## Material supplied:
-*-*-
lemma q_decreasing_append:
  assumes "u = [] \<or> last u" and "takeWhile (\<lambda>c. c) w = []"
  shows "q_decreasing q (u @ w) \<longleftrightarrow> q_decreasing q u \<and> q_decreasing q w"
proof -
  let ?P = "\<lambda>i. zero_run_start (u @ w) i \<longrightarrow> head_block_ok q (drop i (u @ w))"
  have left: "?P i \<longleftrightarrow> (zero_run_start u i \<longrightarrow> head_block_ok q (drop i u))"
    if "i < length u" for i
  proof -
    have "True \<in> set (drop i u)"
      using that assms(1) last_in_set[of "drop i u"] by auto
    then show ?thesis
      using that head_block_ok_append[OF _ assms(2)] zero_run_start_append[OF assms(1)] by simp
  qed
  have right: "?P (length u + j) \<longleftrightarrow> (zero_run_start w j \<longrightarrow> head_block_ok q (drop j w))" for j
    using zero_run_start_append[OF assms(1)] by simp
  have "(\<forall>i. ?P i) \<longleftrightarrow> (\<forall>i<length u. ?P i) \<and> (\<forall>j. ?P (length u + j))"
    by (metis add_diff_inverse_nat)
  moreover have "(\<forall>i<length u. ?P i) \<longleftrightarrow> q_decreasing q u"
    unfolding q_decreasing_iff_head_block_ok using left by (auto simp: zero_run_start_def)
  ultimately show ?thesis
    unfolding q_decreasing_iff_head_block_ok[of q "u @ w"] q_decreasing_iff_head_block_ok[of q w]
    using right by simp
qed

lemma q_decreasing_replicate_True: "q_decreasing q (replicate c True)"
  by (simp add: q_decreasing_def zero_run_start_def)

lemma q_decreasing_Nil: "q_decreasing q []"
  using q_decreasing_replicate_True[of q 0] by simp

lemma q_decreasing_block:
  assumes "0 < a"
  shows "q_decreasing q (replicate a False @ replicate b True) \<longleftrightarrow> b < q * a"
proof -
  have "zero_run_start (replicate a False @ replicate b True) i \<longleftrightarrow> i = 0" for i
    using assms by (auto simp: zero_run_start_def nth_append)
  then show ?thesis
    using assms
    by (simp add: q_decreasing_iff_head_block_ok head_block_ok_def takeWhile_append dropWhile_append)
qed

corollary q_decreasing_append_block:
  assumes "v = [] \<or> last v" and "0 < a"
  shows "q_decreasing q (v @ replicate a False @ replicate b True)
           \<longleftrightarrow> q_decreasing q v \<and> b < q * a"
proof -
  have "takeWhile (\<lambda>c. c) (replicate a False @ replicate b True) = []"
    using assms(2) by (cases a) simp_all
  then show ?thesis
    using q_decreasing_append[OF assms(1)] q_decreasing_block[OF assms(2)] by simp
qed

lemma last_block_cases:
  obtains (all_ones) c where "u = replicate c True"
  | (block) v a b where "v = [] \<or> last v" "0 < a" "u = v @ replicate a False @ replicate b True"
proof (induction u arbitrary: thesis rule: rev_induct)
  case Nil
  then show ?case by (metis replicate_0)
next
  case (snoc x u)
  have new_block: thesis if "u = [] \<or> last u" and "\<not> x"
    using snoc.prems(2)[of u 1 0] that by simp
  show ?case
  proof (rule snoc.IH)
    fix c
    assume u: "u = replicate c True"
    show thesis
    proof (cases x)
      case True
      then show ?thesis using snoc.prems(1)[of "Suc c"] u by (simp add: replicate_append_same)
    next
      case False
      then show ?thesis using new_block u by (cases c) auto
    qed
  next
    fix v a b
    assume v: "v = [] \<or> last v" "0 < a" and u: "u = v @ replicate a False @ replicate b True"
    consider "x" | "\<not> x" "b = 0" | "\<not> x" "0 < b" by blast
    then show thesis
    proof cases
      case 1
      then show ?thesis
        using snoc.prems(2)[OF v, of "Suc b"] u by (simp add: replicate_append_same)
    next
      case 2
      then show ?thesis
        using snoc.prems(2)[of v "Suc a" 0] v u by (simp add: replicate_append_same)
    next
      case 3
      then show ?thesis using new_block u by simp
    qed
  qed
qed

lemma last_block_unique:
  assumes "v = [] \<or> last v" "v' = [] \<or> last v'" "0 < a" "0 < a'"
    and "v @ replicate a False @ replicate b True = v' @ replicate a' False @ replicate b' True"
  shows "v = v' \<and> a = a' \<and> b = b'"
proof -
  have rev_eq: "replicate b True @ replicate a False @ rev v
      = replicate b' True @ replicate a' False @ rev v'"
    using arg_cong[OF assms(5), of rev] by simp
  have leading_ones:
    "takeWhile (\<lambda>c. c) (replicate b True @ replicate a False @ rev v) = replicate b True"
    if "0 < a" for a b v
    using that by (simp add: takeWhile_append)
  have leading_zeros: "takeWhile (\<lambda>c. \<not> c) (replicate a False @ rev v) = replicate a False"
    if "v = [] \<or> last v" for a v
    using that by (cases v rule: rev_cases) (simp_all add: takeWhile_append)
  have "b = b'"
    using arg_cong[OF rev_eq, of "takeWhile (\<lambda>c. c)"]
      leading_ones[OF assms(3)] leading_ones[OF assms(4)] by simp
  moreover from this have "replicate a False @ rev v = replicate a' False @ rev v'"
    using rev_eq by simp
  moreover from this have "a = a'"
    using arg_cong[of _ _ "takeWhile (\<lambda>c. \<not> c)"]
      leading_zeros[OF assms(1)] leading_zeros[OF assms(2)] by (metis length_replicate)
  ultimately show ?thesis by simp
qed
-*-*-
## Task statement:
Scan the material above for lines that contain the string "snoc", and copy each such line.

## Answer space:
  case (snoc x u)
    using snoc.prems(2)[of u 1 0] that by simp
  proof (rule snoc.IH)
      then show ?thesis using snoc.prems(1)[of "Suc c"] u by (simp add: replicate_append_same)
        using snoc.prems(2)[OF v, of "Suc b"] u by (simp add: replicate_append_same)
        using snoc.prems(2)[of v "Suc a" 0] v u by (simp add: replicate_append_same)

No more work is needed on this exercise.